L'origine du peuplement des Amériques est sujet à un débat intense dans le domaine de l'archéo-génétique. Deux découvertes récentes sont importantes dans ce débat. L'individu Upward Sun River 1 (USR1) issu d'une sépulture double d'enfants en Alaska et daté d'environ 11.500 ans représente un lignage jusque là inconnu qui a divergé de toute population Amérindienne entre 22.000 et 18.000 ans, et avant la séparation entre les deux principales branches relatives aux Amérindiens du Nord et du Sud qui auraient divergé entre 17.500 et 14.600 ans. Deux autres individus issus des sites archéologiques de Duvanny Yar (Kolyma1) en Sibérie du nord-est, daté de 9800 ans et Ust'-Kyakhta-3 dans la région du lac Baïkal, daté de 14.000 ans représenteraient également des populations à l'origine du peuplement des Amériques et qui auraient divergé des populations Amérindiennes avant l'individu de Upward Sun River. De plus, six individus du début du Néolithique de la grotte de Devil's Gate dans le bassin de la rivière Amour montrent une continuité génétique dans cette région jusqu'à maintenant et avec une majorité des populations actuelles de Sibérie.
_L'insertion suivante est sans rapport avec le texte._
lemma hardy_mean_peak_kernel:
  assumes p: "0 < p" and w: "norm w < 1" and r: "0 < r" "r < 1"
  shows "hardy_mean p (peak_kernel p w) r = 1 / (1 - (norm w)\<^sup>2 * r\<^sup>2)"
proof -
  have "norm (peak_kernel p w (of_real r * cis t)) powr p = 1 / (norm (1 - cnj w * (of_real r * cis t)))\<^sup>2"
    for t
  proof -
    define v where "v = norm (1 - cnj w * (of_real r * cis t))"
    have \<zeta>: "norm (of_real r * cis t) < 1"
      using r by (simp add: norm_mult)
    then have "0 < v"
      unfolding v_def using Re_one_sub_cnj_mult_pos[OF w] complex_Re_le_cmod less_le_trans by blast
    have "norm (peak_kernel p w (of_real r * cis t)) powr p = (v powr (-2/p)) powr p"
      using norm_peak_kernel[OF w \<zeta>] by (simp add: v_def)
    also have "\<dots> = 1 / v\<^sup>2"
      using p \<open>0 < v\<close> by (simp only: powr_powr) (simp add: powr_minus_divide powr_realpow)
    finally show ?thesis
      by (simp add: v_def)
  qed
  then show ?thesis
    using integral_unique[OF has_integral_inverse_norm_square[OF w r]] by (simp add: hardy_mean_def)
qed

lemma in_Hardy_peak_kernel:
  assumes p: "0 < p" and w: "norm w < 1"
  shows "in_Hardy p (peak_kernel p w) \<and> Hardy_norm p (peak_kernel p w) \<le> (1 - (norm w)\<^sup>2) powr (-1/p)"
proof (rule in_Hardy_Hardy_norm_le[OF holomorphic_peak_kernel[OF w] p])
  fix r :: real
  assume r: "r \<in> {0<..<1}"
  have "(norm w)\<^sup>2 * r\<^sup>2 \<le> (norm w)\<^sup>2"
    using r by (simp add: mult_left_le power_le_one)
  moreover have "0 < 1 - (norm w)\<^sup>2"
    using w by (simp add: abs_square_less_1)
  ultimately have "hardy_mean p (peak_kernel p w) r \<le> 1 / (1 - (norm w)\<^sup>2)"
    using hardy_mean_peak_kernel[OF p w, of r] r by (auto intro!: divide_left_mono mult_pos_pos)
  also have "\<dots> = ((1 - (norm w)\<^sup>2) powr (-1/p)) powr p"
    using p w by (simp only: powr_powr) (simp add: powr_minus_divide abs_square_less_1 abs_square_le_1)
  finally show "hardy_mean p (peak_kernel p w) r \<le> ((1 - (norm w)\<^sup>2) powr (-1/p)) powr p" .
qed simp

lemma holomorphic_primitive_ball:
  assumes "e holomorphic_on ball 0 1"
  obtains f where "f holomorphic_on ball 0 1" and "f 0 = 0" and "\<And>\<zeta>. norm \<zeta> < 1 \<Longrightarrow> deriv f \<zeta> = e \<zeta>"
proof -
  obtain F where F: "\<And>\<zeta>. \<zeta> \<in> ball 0 1 \<Longrightarrow> (F has_field_derivative e \<zeta>) (at \<zeta> within ball 0 1)"
    using holomorphic_convex_primitive'[OF convex_ball open_ball assms] by blast
  define f where "f \<zeta> = F \<zeta> - F 0" for \<zeta>
  have f_deriv: "(f has_field_derivative e \<zeta>) (at \<zeta>)" if "\<zeta> \<in> ball 0 1" for \<zeta>
    using F[OF that] at_within_open[OF that open_ball] unfolding f_def by (auto intro!: derivative_eq_intros)
  show ?thesis
  proof
    show "f holomorphic_on ball 0 1"
      unfolding holomorphic_on_open[OF open_ball] using f_deriv by blast
    show "f 0 = 0"
      by (simp add: f_def)
    show "deriv f \<zeta> = e \<zeta>" if "norm \<zeta> < 1" for \<zeta>
      using f_deriv[of \<zeta>] that by (simp add: DERIV_imp_deriv)
  qed
qed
Chao Ning et ses collègues viennent de publier un papier intitulé: The genomic formation of First American ancestors in East and Northeast Asia. Ils ont séquencé 12 individus du site archéologique de Houtaomuga dans le bassin de la rivière Amour dans le nord-est de la Chine, datés entre 12.000 et 2300 ans:

2020_Ning2_Figure1.jpg, oct. 2020

Parmi ces douze individus, six ont été éliminés pour cause de contamination. Parmi les six derniers individus seuls trois ne présentent pas d'ascendance ouest Eurasienne: deux individus du Néolithique Ancien et un individu de l'Âge du Fer.
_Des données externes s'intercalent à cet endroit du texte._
text \<open>The k-th component of g_0 (delta = 0), as a function of the flat eta vector e,
  with the differential variables n, H, x_i (i < C) and controls eps, P fixed.
  Ordering: aux^S..aux^1, ydef^1..ydef^S, edef^1..edef^S, xsum^1..xsum^S, hold^2..hold^S.\<close>
definition g0_flat :: "nat \<Rightarrow> nat \<Rightarrow> (nat \<Rightarrow> real \<Rightarrow> real \<Rightarrow> (nat \<Rightarrow> real) \<Rightarrow> real) \<Rightarrow>
    (real \<Rightarrow> (nat \<Rightarrow> real) \<Rightarrow> real) \<Rightarrow> (real \<Rightarrow> real) \<Rightarrow> real \<Rightarrow> real \<Rightarrow>
    (nat \<Rightarrow> real) \<Rightarrow> (nat \<Rightarrow> real) \<Rightarrow> (nat \<Rightarrow> nat \<Rightarrow> real) \<Rightarrow> (nat \<Rightarrow> real) \<Rightarrow> nat \<Rightarrow> real" where
  "g0_flat S C fvle fhl fhold eps P n H xh e k =
    (let V = (\<lambda>j. e (S - j));
         y = (\<lambda>j i. e (S + (j - 1) * C + (i - 1)));
         T = (\<lambda>j. e (S + S*C + (j - 1)));
         xC = (\<lambda>j. e (S + S*C + S + (j - 1)));
         L = (\<lambda>j. e (S + S*C + 2*S + (j - 1)));
         x = (\<lambda>j i. if i = C then xC j else xh j i);
         aux = (\<lambda>j.
           if j = 1 then
             (\<Sum>i=1..C. L 1 * (x 2 i - x 1 i) - V 1 * (y 1 i - x 1 i)) / n 1
           else if j = S then
             (\<Sum>i=1..C. eps * V S * (x S i - y S i) + V (S - 1) * (y (S - 1) i - x S i)) / n S
           else
             (\<Sum>i=1..C. L j * (x (j + 1) i - x j i) - V j * (y j i - x j i)
                        + V (j - 1) * (y (j - 1) i - x j i)) / n j)
     in if k < S then aux (S - k)
        else if k < S + S*C then
          (let j = (k - S) div C + 1; i = (k - S) mod C + 1
           in y j i - fvle i P (T j) (rv C (x j)))
        else if k < S + S*C + S then
          (let j = k - (S + S*C) + 1 in H j - n j * fhl (T j) (rv C (x j)))
        else if k < S + S*C + 2*S then
          (let j = k - (S + S*C + S) + 1 in xC j - 1 + (\<Sum>i=1..C-1. x j i))
        else
          (let j = k - (S + S*C + 2*S) + 2 in n j - fhold (L (j - 1))))"

definition jac_g0 :: "nat \<Rightarrow> nat \<Rightarrow> (nat \<Rightarrow> real \<Rightarrow> real \<Rightarrow> (nat \<Rightarrow> real) \<Rightarrow> real) \<Rightarrow>
    (real \<Rightarrow> (nat \<Rightarrow> real) \<Rightarrow> real) \<Rightarrow> (real \<Rightarrow> real) \<Rightarrow> real \<Rightarrow> real \<Rightarrow>
    (nat \<Rightarrow> real) \<Rightarrow> (nat \<Rightarrow> real) \<Rightarrow> (nat \<Rightarrow> nat \<Rightarrow> real) \<Rightarrow> (nat \<Rightarrow> real) \<Rightarrow> real mat" where
  "jac_g0 S C fvle fhl fhold eps P n H xh e =
     mat (dimEta S C) (dimEta S C)
       (\<lambda>(k, l). deriv (\<lambda>s. g0_flat S C fvle fhl fhold eps P n H xh (e(l := s)) k) (e l))"

end

theory Submission
  imports Defs
begin

text \<open>The first coordinate of the flat vector \<eta> is V^S, and it enters g_0 only through aux^S,
  whose partial derivative in V^S is \<epsilon> (\<Sigma>_i x_i^S - \<Sigma>_i y_i^S) / n^S. On a solution, xsum gives
  \<Sigma>_i x_i^j = 1 for every stage, and then aux^j = 0 says
  V^(j-1) (\<Sigma>_i y_i^(j-1) - 1) = V^j (\<Sigma>_i y_i^j - 1), with \<epsilon> V^S in place of V^S for j = S and
  a vanishing left side for j = 1. As \<epsilon> and all V^j are nonzero, this forces \<Sigma>_i y_i^j = 1
  stage by stage, so the V^S-column of D_\<eta> g_0 is zero.\<close>

lemma det_zero_col:
  fixes A :: "'a::comm_ring_1 mat"
  assumes A: "A \<in> carrier_mat n n" and c: "c < n" and zero: "\<And>i. i < n \<Longrightarrow> A $$ (i, c) = 0"
  shows "det A = 0"
proof -
  have "(\<Prod>j<n. A $$ (p j, j)) = 0" if "p permutes {0..<n}" for p
    using c zero[of "p c"] permutes_in_image[OF that, of c] by (intro prod_zero) auto
  then show ?thesis by (simp add: det_col[OF A])
qed

lemma top_vapour_sum_eq_one:
  fixes x y :: "nat \<Rightarrow> nat \<Rightarrow> real" and V L :: "nat \<Rightarrow> real" and eps :: real
  assumes S: "2 \<le> S"
    and xsum: "\<And>j. 1 \<le> j \<Longrightarrow> j \<le> S \<Longrightarrow> (\<Sum>i=1..C. x j i) = 1"
    and aux_first: "(\<Sum>i=1..C. L 1 * (x 2 i - x 1 i) - V 1 * (y 1 i - x 1 i)) = 0"
    and aux_middle: "\<And>j. 2 \<le> j \<Longrightarrow> j < S \<Longrightarrow>
      (\<Sum>i=1..C. L j * (x (j + 1) i - x j i) - V j * (y j i - x j i) + V (j - 1) * (y (j - 1) i - x j i)) = 0"
    and aux_last: "(\<Sum>i=1..C. eps * V S * (x S i - y S i) + V (S - 1) * (y (S - 1) i - x S i)) = 0"
    and eps: "eps \<noteq> 0" and V: "\<And>j. 1 \<le> j \<Longrightarrow> j \<le> S \<Longrightarrow> V j \<noteq> 0"
  shows "(\<Sum>i=1..C. y S i) = 1"
proof -
  let ?Y = "\<lambda>j. \<Sum>i=1..C. y j i"
  note linear = sum.distrib sum_subtractf right_diff_distrib distrib_left sum_distrib_left[symmetric]
  have below_top: "j < S \<longrightarrow> ?Y j = 1" if "1 \<le> j" for j
    using that
  proof (induction j rule: nat_induct_at_least)
    case base
    have "V 1 * (?Y 1 - 1) = 0"
      using aux_first xsum[of 1] xsum[of 2] S by (simp add: linear)
    then show ?case using V[of 1] S by simp
  next
    case (Suc j)
    have "V (Suc j) * (?Y (Suc j) - 1) = V j * (?Y j - 1)" if "Suc j < S"
      using aux_middle[of "Suc j"] xsum[of j] xsum[of "Suc j"] xsum[of "Suc (Suc j)"] Suc.hyps that
      by (simp add: linear)
    then show ?case using Suc V[of "Suc j"] by simp
  qed
  have "eps * V S * (1 - ?Y S) = 0"
    using aux_last xsum[of S] below_top[of "S - 1"] S by (simp add: linear)
  then show ?thesis using eps V[of S] S by simp
qed

lemma eta_flat_V: "1 \<le> j \<Longrightarrow> j \<le> S \<Longrightarrow> eta_flat S C V y T xC L (S - j) = V j"
  by (simp add: eta_flat_def)

lemma eta_flat_y:
  assumes "1 \<le> j" "j \<le> S" "i \<in> {1..C}"
  shows "eta_flat S C V y T xC L (S + (j - 1) * C + (i - 1)) = y j i"
proof -
  obtain j' where j: "j = Suc j'" using assms(1) by (cases j) auto
  obtain i' where i: "i = Suc i'" using assms(3) by (cases i) auto
  have "i' < C" "j' < S" using assms i j by auto
  moreover from \<open>i' < C\<close> have "(j' * C + i') div C = j'" "(j' * C + i') mod C = i'"
    by simp_all
  moreover have "j' * C + i' < S * C"
  proof -
    have "j' * C + i' < Suc j' * C" using \<open>i' < C\<close> by simp
    also have "\<dots> \<le> S * C" using \<open>j' < S\<close> by (intro mult_le_mono1) simp
    finally show ?thesis .
  qed
  ultimately show ?thesis
    by (simp add: eta_flat_def i j add.assoc)
qed

lemma eta_flat_xC: "1 \<le> j \<Longrightarrow> j \<le> S \<Longrightarrow> eta_flat S C V y T xC L (S + S*C + S + (j - 1)) = xC j"
  by (cases j) (auto simp: eta_flat_def)

lemma eta_flat_L: "1 \<le> j \<Longrightarrow> eta_flat S C V y T xC L (S + S*C + 2*S + (j - 1)) = L j"
  by (cases j) (auto simp: eta_flat_def)

lemma eta_flat_upd_VS:
  "0 < S \<Longrightarrow> (eta_flat S C V y T xC L)(0 := s) = eta_flat S C (V(S := s)) y T xC L"
  by (auto simp: eta_flat_def fun_eq_iff)

text \<open>The index expressions above are literally those obtained by unfolding \<^const>\<open>g0_flat\<close>; below they are
  rewritten with \<open>simp only\<close> before the simplifier normalises the arithmetic and destroys them.\<close>
lemmas eta_flat_components = eta_flat_V eta_flat_y eta_flat_xC eta_flat_L

lemma g0_flat_xsum:
  assumes "1 \<le> j" "j \<le> S" "1 \<le> C"
  shows "g0_flat S C fvle fhl fhold eps P n H xh (eta_flat S C V y T (\<lambda>j. xh j C) L) (S + S*C + S + (j - 1))
    = (\<Sum>i=1..C. xh j i) - 1"
proof -
  have "(\<Sum>i=1..C. xh j i) = (\<Sum>i=1..C-1. xh j i) + xh j C"
    using assms(3) by (cases C) (simp_all add: sum.cl_ivl_Suc)
  moreover have "(if i = C then xh j C else xh j i) = xh j i" for i by simp
  moreover obtain m where "j = Suc m" using assms(1) by (cases j) auto
  ultimately show ?thesis
    using assms unfolding g0_flat_def Let_def
    by (simp only: eta_flat_xC) (simp cong: if_cong)
qed

lemma g0_flat_aux_first:
  assumes "2 \<le> S"
  shows "g0_flat S C fvle fhl fhold eps P n H xh (eta_flat S C V y T (\<lambda>j. xh j C) L) (S - 1)
    = (\<Sum>i=1..C. L 1 * (xh 2 i - xh 1 i) - V 1 * (y 1 i - xh 1 i)) / n 1"
proof -
  have "(if i = C then xh j C else xh j i) = xh j i" for i j by simp
  then show ?thesis
    using assms unfolding g0_flat_def Let_def
    by (simp only: eta_flat_components cong: sum.cong) simp
qed

lemma g0_flat_aux_middle:
  assumes "2 \<le> j" "j < S"
  shows "g0_flat S C fvle fhl fhold eps P n H xh (eta_flat S C V y T (\<lambda>j. xh j C) L) (S - j)
    = (\<Sum>i=1..C. L j * (xh (j + 1) i - xh j i) - V j * (y j i - xh j i)
                 + V (j - 1) * (y (j - 1) i - xh j i)) / n j"
proof -
  have "(if i = C then xh j C else xh j i) = xh j i" for i j by simp
  moreover have "S - (S - j) = j" using assms by simp
  ultimately show ?thesis
    using assms unfolding g0_flat_def Let_def
    by (simp only: eta_flat_components cong: sum.cong) simp
qed

lemma g0_flat_aux_last:
  assumes "2 \<le> S"
  shows "g0_flat S C fvle fhl fhold eps P n H xh (eta_flat S C V y T (\<lambda>j. xh j C) L) 0
    = (\<Sum>i=1..C. eps * V S * (xh S i - y S i) + V (S - 1) * (y (S - 1) i - xh S i)) / n S"
proof -
  have "(if i = C then xh j C else xh j i) = xh j i" for i j by simp
  then show ?thesis
    using assms unfolding g0_flat_def Let_def
    by (simp only: eta_flat_components cong: sum.cong) simp
qed

lemma g0_flat_indep_VS:
  assumes "2 \<le> S" "0 < k"
  shows "g0_flat S C fvle fhl fhold eps P n H xh (e(0 := s)) k = g0_flat S C fvle fhl fhold eps P n H xh e k"
  using assms by (auto simp: g0_flat_def Let_def intro!: sum.cong)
Les auteurs ont effectué une Analyse en Composantes Principales pour comparer le génome de ces individus à celui d'autres individus anciens ou contemporains. Dans la figure ci-dessous, les chasseurs-cueilleurs de l'ouest (WHG) sont situés à gauche (disques gris), les premiers Américains (FAM) en haut (disques rouges) et les individus de Houtaomuga en bas à droite (disques cyan), proche des autres populations de la région du bassin de l'Amour:

2020_Ning2_Figure2c.jpg, oct. 2020

De manière intéressante, les deux individus USR1 et Kolyma1 se situent entre les Premiers Américains et les populations d'Asie de l'Est.

Les auteurs ont ensuite utilisé les logiciels qpAdm et qpWave pour construire un graphe démographique pour mettre en évidence les différents mélanges génétiques:

2020_Ning2_Figure3a.jpg, oct. 2020

D'après ce modèle l'individu USR1 serait issu de deux sources ancestrales. La première inclue un mélange entre les Premiers Américains et une population proche du garçon de Mal'ta (ANE). La seconde source inclue une autre population proche du garçon de Mal'ta et une population proche des individus de Houtaomuga. Cette dernière composante représente entre 6 et 35% du génome de USR1.

L'individu Kolyma1 serait lui issu d'un mélange génétique entre les Premiers Américains, une population proche du garçon de Mal'ta et une population proches des individus de Houtaomuga. Cette dernière composante représente entre 37 et 55% du génome de Kolyma1, et la composante Amérindienens entre 19 et 38%.

De manière intéressante, les Premiers Américains et l'individu USR1 ne font pas partie d'une branche unique. La source Amérindienne dans l'individu USR1 appartient à la branche Nord Amérindienne seulement. De plus il n'y a pas de flux de gène en provenance d'une population proche du garçon de Mal'ta dans l'ancêtre commun de USR1 et des Premiers Américains.

En conclusion l'interprétation la plus probable de ces résultats est que la divergence entre les branches Nord et Sud Amérindiennes est intervenue en Asie immédiatement après la fin de l'isolation Béringienne qui en fait a du avoir lieu en dehors de la Béringie:

2020_Ning2_Figure4.jpg, oct. 2020

Ce modèle explique la présence du signal du bassin de la rivière Amour chez les anciens Béringiens sans invoquer plusieurs passages par le détroit de Bering pour lesquels il n'y a pas de preuve archéologique claire. Les auteurs supposent que les Sud Amérindiens ont été les premiers à franchir le détroit de Bering, suivis par les Nords Amérindiens qui ont eu le temps auparavant, d’interagir avec les populations du bassin de l'Amour. Cette hypothèse facilite également l'interaction avec la population Y proche des Onges ou de l'ancien individu de Tianyuan et identifiée dans le génome de quelques populations Amérindiennes.